Address reprint requests to Dr Porqueddu, Department of Cardiovascular Surgery, "I Monzino" Foundation IRCCS, Via Parea 4, 20138 Milan, Italy
e-mail: porqueddum{at}lycosmail.com
Background. Although significant advances have been made in the surgical treatment of diseases affecting the descending thoracic aorta, paraplegia remains a devastating complication. We propose the quick, simple clamping technique to prevent spinal cord ischemic injury.
Methods. From 1983 to 1998, 143 patients had descending thoracic aorta aneurysm repair. We divided the patients into the following three groups according to the surgical technique used: selective atriodistal bypass was used in group 1 (66 patients); simple clamping technique in group 2 (28 patients); and quick simple clamping technique in group 3 (49 patients). Mean aortic cross clamp time was 39 ± 13 minutes in group 1, 37 ± 11 minutes in group 2, and 17 ± 6 minutes in group 3 (p < 0.01 group 3 versus group 1 and group 2).
Results.
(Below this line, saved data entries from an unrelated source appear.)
(* Let $r\ge 2$, let $\lambda,\mu\in\Lambda$ with $\lambda\sim_e\mu$, and let $s\in\mathbb{Z}$. Then $\eta(\lambda,s)\approx_r\eta(\mu,s)$ (in $\mathcal{A}_r^e$) if and only if $\Phi_r(\lambda,s)\approx_e\Phi_r(\mu,s)$ (in $\mathcal{A}_e^r$).
   Context: Fix an integer $e\ge 2$. A partition is a weakly decreasing sequence $\lambda=(\lambda_1,\lambda_2,\dots)$ of non-negative integers with finite sum $|\lambda|$; $\Lambda$ denotes the set of partitions and $\Lambda^{(m)}$ the set of $m$-multipartitions, i.e. $m$-tuples $\boldsymbol\lambda=(\lambda^{(1)},\dots,\lambda^{(m)})$ of partitions, with $|\boldsymbol\lambda|=\sum_k|\lambda^{(k)}|$. A $\beta$-set is a subset $B\subseteq\mathbb{Z}$ containing all sufficiently small integers and no sufficiently large ones. For $\lambda\in\Lambda$ and $s\in\mathbb{Z}$ set $B_s(\lambda)=\{\lambda_i-i+s : i\ge 1\}$; every $\beta$-set equals $B_s(\lambda)$ for a unique pair $(\lambda,s)$. For $N\ge 2$ let $\mathcal{A}_N=\Lambda\times\mathbb{Z}$ (abacus configurations with $N$ runners) and $\mathcal{A}_N^m=\Lambda^{(m)}\times\mathbb{Z}^m$, where $(\boldsymbol\lambda,\mathbf{s})$ is identified with the $m$-tuple of $\beta$-sets $(B_{s_1}(\lambda^{(1)}),\dots,B_{s_m}(\lambda^{(m)}))$. Blocks: for $(\boldsymbol\lambda,\mathbf{s})\in\mathcal{A}_N^m$, its $N$-residue multiset is the multiset of the values $s_k+y-x \bmod N$ over all nodes $(x,y,k)$ with $x\ge1$, $1\le y\le\lambda^{(k)}_x$, $1\le k\le m$. Define $(\boldsymbol\lambda,\mathbf{s})\approx_N(\boldsymbol\mu,\mathbf{s}')$ iff $\mathbf{s}=\mathbf{s}'$, $|\boldsymbol\lambda|=|\boldsymbol\mu|$ and the $N$-residue multisets coincide. Its equivalence classes are called blocks. The map $\eta$: for $(\lambda,s)\in\mathcal{A}_e$ with $B=B_s(\lambda)$ and $0\le i<e$, the set $C_i=\{(b-i)/e : b\in B,\ b\equiv i \bmod e\}$ is a $\beta$-set, so $C_i=B_{t_i}(\rho_i)$ for a unique $(\rho_i,t_i)\in\Lambda\times\mathbb{Z}$; set $\eta(\lambda,s)=((\rho_0,\dots,\rho_{e-1}),(t_0,\dots,t_{e-1}))\in\Lambda^{(e)}\times\mathbb{Z}^e$, which we also regard as an element of $\mathcal{A}_r^e$. The $e$-weight of $\lambda$ is $\mathrm{wt}(\lambda)=\sum_i|\rho_i|$. For $\lambda,\mu\in\Lambda$ write $\lambda\sim_e\mu$ if $(\lambda,s)\approx_e(\mu,s)$ for some (equivalently any) $s\in\mathbb{Z}$. Uglov's map: for $1\le k\le r$ define $\psi_k:\mathbb{Z}\to\mathbb{Z}$ by $\psi_k(ae+i)=((a+1)r-k)e+i$ for $a\in\mathbb{Z}$, $0\le i<e$. For $(\boldsymbol\lambda,\mathbf{s})\in\mathcal{A}_e^r$ the set $B=\bigsqcup_{k=1}^r\psi_k(B_{s_k}(\lambda^{(k)}))$ is a $\beta$-set, and $\Psi_r(\boldsymbol\lambda,\mathbf{s})$ is the unique $(\tilde\lambda,\tilde s)\in\mathcal{A}_e$ with $B_{\tilde s}(\tilde\lambda)=B$. $\Psi_r:\mathcal{A}_e^r\to\mathcal{A}_e$ is a bijection; $\Phi_r=\Psi_r^{-1}$. *)

theory Defs
  imports Main "HOL-Library.Multiset"
begin

text \<open>A partition is represented as a function l :: nat => nat with l i = lambda_(i+1),
  weakly decreasing with finite support.\<close>
definition is_partition :: "(nat \<Rightarrow> nat) \<Rightarrow> bool" where
  "is_partition l \<longleftrightarrow> (\<forall>i. l (Suc i) \<le> l i) \<and> finite {i. l i \<noteq> 0}"

definition psize :: "(nat \<Rightarrow> nat) \<Rightarrow> nat" where
  "psize l = (\<Sum>i\<in>{i. l i \<noteq> 0}. l i)"

definition is_betaset :: "int set \<Rightarrow> bool" where
  "is_betaset B \<longleftrightarrow> (\<exists>a. \<forall>x\<le>a. x \<in> B) \<and> (\<exists>b. \<forall>x\<ge>b. x \<notin> B)"

definition beta :: "int \<Rightarrow> (nat \<Rightarrow> nat) \<Rightarrow> int set" where
  "beta s l = {int (l i) - int (i + 1) + s | i. True}"

definition decode :: "int set \<Rightarrow> (nat \<Rightarrow> nat) \<times> int" where
  "decode B = (THE (l, t). is_partition l \<and> beta t l = B)"

text \<open>Abacus configurations with m runners are pairs (L, S) :: (nat => nat => nat) \<times> (nat => int);
  only components 0..<m are relevant (component k stands for the paper's component k+1).\<close>
type_synonym multiconf = "(nat \<Rightarrow> nat \<Rightarrow> nat) \<times> (nat \<Rightarrow> int)"

text \<open>Nodes (x,y) of lambda with x >= 1, 1 <= y <= lambda_x; here encoded as (i, y) with x = i+1.\<close>
definition nodes :: "(nat \<Rightarrow> nat) \<Rightarrow> (nat \<times> nat) set" where
  "nodes l = {(i, y). 1 \<le> y \<and> y \<le> l i}"

definition residues :: "nat \<Rightarrow> nat \<Rightarrow> multiconf \<Rightarrow> int multiset" where
  "residues N m X = (\<Sum>k<m. image_mset (\<lambda>(i, y). (snd X k + int y - int (i + 1)) mod int N)
                                 (mset_set (nodes (fst X k))))"

definition block_eq :: "nat \<Rightarrow> nat \<Rightarrow> multiconf \<Rightarrow> multiconf \<Rightarrow> bool" where
  "block_eq N m X Y \<longleftrightarrow> (\<forall>k<m. snd X k = snd Y k)
      \<and> (\<Sum>k<m. psize (fst X k)) = (\<Sum>k<m. psize (fst Y k))
      \<and> residues N m X = residues N m Y"

definition sim_e :: "nat \<Rightarrow> (nat \<Rightarrow> nat) \<Rightarrow> (nat \<Rightarrow> nat) \<Rightarrow> bool" where
  "sim_e e l m \<longleftrightarrow> (\<exists>s. block_eq e 1 (\<lambda>_. l, \<lambda>_. s) (\<lambda>_. m, \<lambda>_. s))"

definition eta_C :: "nat \<Rightarrow> int set \<Rightarrow> nat \<Rightarrow> int set" where
  "eta_C e B i = {(b - int i) div int e | b. b \<in> B \<and> b mod int e = int i}"

definition eta :: "nat \<Rightarrow> (nat \<Rightarrow> nat) \<times> int \<Rightarrow> multiconf" where
  "eta e ls = (\<lambda>i. if i < e then fst (decode (eta_C e (beta (snd ls) (fst ls)) i)) else (\<lambda>_. 0),
               \<lambda>i. if i < e then snd (decode (eta_C e (beta (snd ls) (fst ls)) i)) else 0)"

definition psi :: "nat \<Rightarrow> nat \<Rightarrow> nat \<Rightarrow> int \<Rightarrow> int" where
  "psi e r k x = ((x div int e + 1) * int r - int k) * int e + x mod int e"

definition Psi :: "nat \<Rightarrow> nat \<Rightarrow> multiconf \<Rightarrow> (nat \<Rightarrow> nat) \<times> int" where
  "Psi e r X = decode (\<Union>k\<in>{1..r}. psi e r k ` beta (snd X (k - 1)) (fst X (k - 1)))"

definition Phi :: "nat \<Rightarrow> nat \<Rightarrow> (nat \<Rightarrow> nat) \<times> int \<Rightarrow> multiconf" where
  "Phi e r ls = (THE X. (\<forall>k<r. is_partition (fst X k))
                      \<and> (\<forall>k\<ge>r. fst X k = (\<lambda>_. 0) \<and> snd X k = 0)
                      \<and> Psi e r X = ls)"

end

theory Submission
  imports Defs
begin

text \<open>
  All data entering the block conditions are sums over the beads of a beta-set, taken relative
  to a second beta-set (see \<open>relsum\<close>). Counting the nodes of residue \<open>j\<close> row by row telescopes
  to the relative sum of \<open>\<lfloor>(b - j)/N\<rfloor>\<close>, so configurations with equal charges lie in one block iff
  the relative sums of \<open>b\<close> and of all \<open>\<lfloor>(b - j)/N\<rfloor>\<close> vanish. Both \<open>\<eta>\<close> and \<open>\<Phi>\<^sub>r\<close> only
  redistribute the beads of \<open>B\<^sub>s(\<lambda>)\<close> over several runners by a bijection
  \<open>\<int> \<rightarrow> runners \<times> \<int>\<close>, so each side of the equivalence becomes a list of balance conditions
  between \<open>B\<^sub>s(\<lambda>)\<close> and \<open>B\<^sub>s(\<mu>)\<close> for explicit functions of the bead \<open>b\<close>. Granted the balances
  coming from \<open>\<lambda> \<sim>\<^sub>e \<mu>\<close>, floor arithmetic reduces both lists to the vanishing of all relative
  sums of \<open>\<lfloor>(\<lfloor>b/e\<rfloor> - j)/r\<rfloor>\<close>.
\<close>

section \<open>Beta-sets of partitions\<close>

definition beta_seq :: "int \<Rightarrow> (nat \<Rightarrow> nat) \<Rightarrow> nat \<Rightarrow> int" where
  "beta_seq t l i = int (l i) - int (i + 1) + t"

lemma beta_eq_range: "beta t l = range (beta_seq t l)"
  unfolding beta_def beta_seq_def by auto

lemma partition_antimono:
  assumes "is_partition l" "i \<le> j"
  shows "l j \<le> l i"
proof -
  have "\<And>i. l (Suc i) \<le> l i" using assms(1) unfolding is_partition_def by auto
  then show ?thesis using assms(2) by (metis lift_Suc_antimono_le)
qed

lemma partition_eventually_zero:
  assumes "is_partition l"
  obtains n where "\<forall>i\<ge>n. l i = 0"
proof -
  have "finite {i. l i \<noteq> 0}" using assms unfolding is_partition_def by auto
  then obtain n where "\<forall>i\<in>{i. l i \<noteq> 0}. i < n" using finite_nat_set_iff_bounded by blast
  then have "\<forall>i\<ge>n. l i = 0" by (meson leD mem_Collect_eq)
  then show ?thesis by (rule that)
qed

lemma beta_seq_strict_decreasing:
  "is_partition l \<Longrightarrow> i < j \<Longrightarrow> beta_seq t l j < beta_seq t l i"
  using partition_antimono[of l i j] unfolding beta_seq_def by auto

lemma inj_beta_seq: "is_partition l \<Longrightarrow> inj (beta_seq t l)"
  by (metis beta_seq_strict_decreasing injI linorder_neqE_nat order_less_irrefl)

lemma beta_split:
  assumes "is_partition l" "\<forall>i\<ge>n. l i = 0" "z \<le> t - int n"
  shows "beta t l = beta_seq t l ` {..<nat (t - z)} \<union> {x. x < z}"
    and "beta_seq t l ` {..<nat (t - z)} \<inter> {x. x < z} = {}"
proof -
  have "z \<le> beta_seq t l i" if "i < nat (t - z)" for i
    using that unfolding beta_seq_def by linarith
  then show "beta_seq t l ` {..<nat (t - z)} \<inter> {x. x < z} = {}" by force
  have tail: "beta_seq t l i = t - int i - 1" if "nat (t - z) \<le> i" for i
    using that assms unfolding beta_seq_def by auto
  have "x \<in> beta t l" if "x < z" for x
  proof -
    have "beta_seq t l (nat (t - 1 - x)) = x"
      using tail[of "nat (t - 1 - x)"] that assms(3) by simp
    then show ?thesis unfolding beta_eq_range by (metis rangeI)
  qed
  moreover have "beta_seq t l i \<in> beta_seq t l ` {..<nat (t - z)} \<union> {x. x < z}" for i
    by (cases "i < nat (t - z)") (use tail[of i] in auto)
  ultimately show "beta t l = beta_seq t l ` {..<nat (t - z)} \<union> {x. x < z}"
    by (auto simp: beta_eq_range)
qed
The overall incidence of paraplegia was 4.8% (7 patients), 4.5% (3 patients) in group 1, 14.3% (4 patients) in group 2, and 0 in group 3 (p < 0.05 group 3 versus group 2). The overall in-hospital mortality rate was 5.5%. Multivariate logistic regression analysis showed a powerful effect of aortic cross-clamping time as risk factor for both paraplegia (p < 0.008), with an odds ratio of 1.03 per minute, and in-hospital mortality (p < 0.001), with an odds ratio of 2.5 per minute. The mean follow-up time was 65 months with a lower overall mortality rate in group 3 than in group 1 and group 2 (p < 0.05).
Conclusion. In descending thoracic aortic aneurysm repair, spinal cord perfusion can be maintained adequately without reimplantation of segmental vessels or use of atriodistal bypass when the aortic cross-clamp time is short (< 15 to 20 minutes).